After the index.html is served to 1.1.1.1 IP, it has redirects and JS, CSS, font, etc resources that also have to be GET-ed. These are of course going to be done over another HTTP and TCP session and definitely over more than a single IP packet.

These subsequent IP packets have a 50% chance that they will be RR load-balanced over the other GRE tunnel 2. This means that they will land on another proxy in our backend and thus will no longer get the egress IP of 1.1.1.1. Let’s assume that these will get IP 2.2.2.2. However, the client is same. The client inject the JSESSIONID cookie in each call. Now when the request hits the server, since it traversed over proxy 2 and GRE tunnel 2, it got another IP (2.2.2.2) and now this violates the IP/HTTP persistence on the server which in it’s table has an entry for the JSESSIONID belonging to 1.1.1.1 and not 2.2.2.2. This HTTP request will be thus denied by the server. Depending on the application this can have various impacts from the app crashing/freezing/loading (retry).

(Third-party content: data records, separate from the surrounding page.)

(* Let $X$ be a real random variable and for $t\in\mathbb{R}$ let $L(t)=\mathbb{E}\left[\exp\left(tX-\frac{t^2}{2}X^2\right)\right]$. (1) If $X$ is heavy on left, then $L(t)\le1$ for all $t\ge0$. (2) If $X$ is heavy on right, then $L(t)\le 1$ for all $t\le0$. (3) If $X$ is symmetric (i.e. $X$ and $-X$ have the same distribution), then $L(t)\le1$ for all $t\in\mathbb{R}$.
   Context: For $a>0$ let $T_a(X)=\min(|X|,a)\,\mathrm{sign}(X)$ denote the truncation of $X$. An integrable random variable $X$ is called heavy on left if $\mathbb{E}[X]=0$ and $\mathbb{E}[T_a(X)]\le0$ for all $a>0$. It is called heavy on right if $-X$ is heavy on left. *)

theory Defs
  imports "HOL-Probability.Probability"
begin

definition trunc :: "real \<Rightarrow> real \<Rightarrow> real" where
  "trunc a x = min \<bar>x\<bar> a * sgn x"

definition heavy_on_left :: "'a measure \<Rightarrow> ('a \<Rightarrow> real) \<Rightarrow> bool" where
  "heavy_on_left M X \<longleftrightarrow> integrable M X \<and> (\<integral>\<omega>. X \<omega> \<partial>M) = 0 \<and>
     (\<forall>a>0. (\<integral>\<omega>. trunc a (X \<omega>) \<partial>M) \<le> 0)"

definition heavy_on_right :: "'a measure \<Rightarrow> ('a \<Rightarrow> real) \<Rightarrow> bool" where
  "heavy_on_right M X \<longleftrightarrow> heavy_on_left M (\<lambda>\<omega>. - X \<omega>)"

definition symmetric_rv :: "'a measure \<Rightarrow> ('a \<Rightarrow> real) \<Rightarrow> bool" where
  "symmetric_rv M X \<longleftrightarrow> distr M borel X = distr M borel (\<lambda>\<omega>. - X \<omega>)"

end

theory Submission imports Defs begin

(* Write T_a for the truncation trunc a and consider the odd, bounded profile
     h(y) = \<integral>_0^1 2a T_a(y) da = sgn y * (if |y| \<le> 1 then |y| - |y|^3/3 else 2/3).
   The whole argument rests on the elementary pointwise inequality
     exp (y - y^2/2) \<le> 1 + h(y)        for all real y,
   proved from fourth-order Taylor bounds of exp.  Taking expectations, E[exp(Y - Y^2/2)] \<le> 1
   holds for every random variable Y with E[h(Y)] \<le> 0.  By Fubini,
     E[h(Y)] = \<integral>_0^1 2a E[T_a(Y)] da,
   and for Y = tX with t \<ge> 0 we have E[T_a(tX)] = t E[T_{a/t}(X)] \<le> 0 if X is heavy on left.
   Heavy on right reduces to this case via -X, and for symmetric X we get E[h(tX)] = 0 because
   h is odd. *)

section \<open>Taylor bounds for the exponential\<close>

(* Upper bound on [0, 1/2]: the Lagrange remainder exp t / 24 * z^4 has exp t \<le> exp (1/2) \<le> 2. *)
lemma exp_le_quartic:
  fixes z :: real assumes "0 \<le> z" "z \<le> 1/2"
  shows "exp z \<le> 1 + z + z^2/2 + z^3/6 + z^4/12"
proof -
  obtain t where t: "\<bar>t\<bar> \<le> \<bar>z\<bar>"
      "exp z = (\<Sum>m<4. z ^ m / fact m) + exp t / fact 4 * z ^ 4"
    using Maclaurin_exp_le[of z 4] by blast
  have "exp t \<le> exp (1/2)" using t(1) assms by simp
  also have "\<dots> \<le> 2" using real_exp_bound_lemma[of "1/2"] by simp
  finally have "exp t / fact 4 * z ^ 4 \<le> 2 / 24 * z^4"
    by (intro mult_right_mono) (auto simp: fact_numeral)
  moreover have "(\<Sum>m<4. z ^ m / fact m) = 1 + z + z^2/2 + z^3/6"
    by (simp add: numeral_eq_Suc fact_numeral power2_eq_square power3_eq_cube)
  ultimately show ?thesis using t(2) by simp
qed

There aren’t many servers doing this but some do and nobody has the list of all of them as the scope of knowing what is on the Internet is beyond any of us. The rule of thumb to follow, when you need multiple ACTIVE GRE tunnels, is to make sure that you maintain persistence as once you break it, there is no way in our backend to unbreak it.

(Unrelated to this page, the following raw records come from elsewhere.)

(* Let $m\ge 2$, $\omega=e^{2\pi i/m}$, and let $$C_n(q)=\prod_{2\le t\le n}\frac{[t+n]_q}{[t]_q}=\frac{1}{[n+1]_q}{2n\brack n}_q$$ be the $q$-Catalan number (a polynomial in $q$). Then for every $1\le j\le m-1$, $$\lim_{n\to\infty}\frac{C_n(\omega^j)}{C_n(1)}=0 ,$$ where $C_n(1)=\frac1{n+1}\binom{2n}{n}$.
   Context: $[t]_q=1+q+\cdots+q^{t-1}$, $[n]_q!=[1]_q\cdots[n]_q$ with $[0]_q!=1$, and ${n\brack k}_q=\frac{[n]_q!}{[k]_q![n-k]_q!}$. Here $C_n(\omega^j)$ means the value at $q=\omega^j$ of the polynomial $C_n(q)$. *)

theory Defs
  imports "HOL-Analysis.Analysis" "HOL-Computational_Algebra.Polynomial"
begin

definition qint :: "nat \<Rightarrow> complex poly" where
  "qint t = (\<Sum>i<t. monom 1 i)"

definition qfact :: "nat \<Rightarrow> complex poly" where
  "qfact n = (\<Prod>t=1..n. qint t)"

text \<open>Gaussian binomial coefficient (exact polynomial division).\<close>
definition qbinom :: "nat \<Rightarrow> nat \<Rightarrow> complex poly" where
  "qbinom n k = qfact n div (qfact k * qfact (n - k))"

definition qcatalan :: "nat \<Rightarrow> complex poly" where
  "qcatalan n = qbinom (2*n) n div qint (n+1)"

end

theory Submission
  imports Defs "HOL-Real_Asymp.Real_Asymp"
begin

(*
  At a root of unity z \<noteq> 1 the q-Catalan number C_n(z) grows at most like 2^n,
  whereas C_n(1) = binom(2n,n)/(n+1) grows like 4^n / n^(3/2); hence the ratio tends to 0.

  1. The Gaussian binomials are described by the q-Pascal recursion
     G(N+1,k+1) = G(N,k) + q^(k+1) G(N,k+1), and the polynomial division in the
     definition of qcatalan is exact: C_n = G(2n,n) - q G(2n,n+1).
  2. q-Lucas theorem: if z is a primitive d-th root of unity, then
     G(N,k)(z) = binom(N div d, k div d) * G(N mod d, k mod d)(z).
     Together with |G(N,k)(z)| \<le> binom(N,k) on the unit circle this gives
     |C_n(z)| \<le> 2^(n+d+1).
  3. Every root of unity z \<noteq> 1 is a primitive d-th root of unity for some d \<ge> 2,
     and the central binomial lower bound binom(2n,n) \<ge> 4^n/(2n) finishes the proof.
*)

section \<open>q-integers and q-factorials\<close>

text \<open>Basic evaluation rules for [t]_q and [n]_q!; both are nonzero polynomials for t > 0,
  which makes the polynomial divisions in the definitions exact cancellations.\<close>

lemma qint_0 [simp]: "qint 0 = 0"
  by (simp add: qint_def)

Going back to your last section posted, the per packet load-balancing must not be used. The load-balancing should have at least session stickiness. With session stickiness some of the problems will be fixed but some will not. To fix all of these issues you should stick with source IP persistence. It is not feasible to reach the 50/50 split using PBR I agree as you could have more heavy clients in one subnet vs the other.

The how, is a difficult question to answer as there are many variables to consider here from hardware, software versions, licensing, utilisation on the peer etc, routing (do you use VRFs or can you split your internal ranges down the middle to achieve the source IP persistence).

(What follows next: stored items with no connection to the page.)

lemma up_closed_eq_atLeast_or_greaterThan:
  fixes U :: "real set"
  assumes "U \<noteq> {}" "bdd_below U" and up: "\<And>y z. y \<in> U \<Longrightarrow> y \<le> z \<Longrightarrow> z \<in> U"
  shows "U = {Inf U..} \<or> U = {Inf U<..}"
proof (cases "Inf U \<in> U")
  case True
  then show ?thesis using up cInf_lower[OF _ assms(2)] by blast
next
  case False
  have "U = {Inf U<..}"
  proof (intro set_eqI iffI)
    fix y assume "y \<in> U"
    then show "y \<in> {Inf U<..}"
      using cInf_lower[OF _ assms(2)] False by (metis greaterThan_iff order_less_le)
  next
    fix y assume "y \<in> {Inf U<..}"
    then obtain u where "u \<in> U" "u < y"
      using cInf_less_iff[OF assms(1,2)] by auto
    then show "y \<in> U" using up by auto
  qed
  then show ?thesis ..
qed

lemma tail_bound_up_closed:
  fixes M :: "real measure" and U :: "real set"
  assumes "finite_measure M" "sets M = sets borel"
    and tail: "\<forall>x\<ge>0. measure M {x+h..} \<le> lam * measure M {x..}"
    and up: "\<And>y z. y \<in> U \<Longrightarrow> y \<le> z \<Longrightarrow> z \<in> U" and "U \<subseteq> {0..}"
  shows "measure M {x. x - h \<in> U} \<le> lam * measure M U"
proof (cases "U = {}")
  case False
  have "bdd_below U" using \<open>U \<subseteq> {0..}\<close> by (auto intro: bdd_belowI[of _ 0])
  then have "Inf U \<ge> 0" using False \<open>U \<subseteq> {0..}\<close> by (auto intro: cInf_greatest)
  from up_closed_eq_atLeast_or_greaterThan[OF False \<open>bdd_below U\<close> up] show ?thesis
  proof
    assume U: "U = {Inf U..}"
    have "{x. x - h \<in> U} = {Inf U + h..}" by (subst U) auto
    then show ?thesis using tail \<open>Inf U \<ge> 0\<close> U by auto
  next
    assume U: "U = {Inf U<..}"
    have "{x. x - h \<in> U} = {Inf U + h<..}" by (subst U) auto
    then show ?thesis
      using tail_bound_greaterThan[OF assms(1-3) \<open>Inf U \<ge> 0\<close>] U by auto
  qed
qed simp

I do know that some customer use BIG-IP appliance downstream from the peer router to achieve the persistence, some do PBR and split the IP ranges, some do ECMP. So whilst I cannot give you the exact config on your router for your network I hope I gave you a few pointers to keep in mind.

2 Likes

Hi Jan,
Thanks for the brief.

Regards
Ramesh M

Hi,

Since you are using Cisco edge routers, probably makes sense to leverage ECMP:

Equal Cost Multiple Path (ECMP) processing is a networking feature that enables the edge appliance to use up to four equal-cost routes to the same destination. Without this feature, if there are multiple equal-cost routes to the same destination, the virtual router chooses one of those routes from the routing table and adds it to its forwarding table; it will not use any of the other routes unless there is an outage in the chosen route. Enabling ECMP functionality on a virtual router allows the firewall have up to four equal-cost paths to a destination in its forwarding table, allowing the firewall to:

  1. Load balance flows (sessions) to the same destination over multiple equal-cost links.
  2. Make use of the available bandwidth on all links to the same destination rather than leave some links unused.
  3. Dynamically shift traffic to another ECMP member to the same destination if a link fails, rather than waiting for the routing protocol or RIB table to elect an alternative path, which can help reduce down time when links fail.

ECMP load balancing is done at the session level, not at the packet level. This means the firewall chooses an equal-cost path at the start of a new session, not each time the firewall receives a packet.

Hi Sean,

Last option. It must be Source IP based Load Balancing.

We have several deployments balancing GRE and IPsec tunnels. In the case of IPsec, starting each tunnel from a unique Public source IP is also mandatory.

Adrian Larsen
Maidenhead Bridge
Cloud Security Connectors for Zscaler.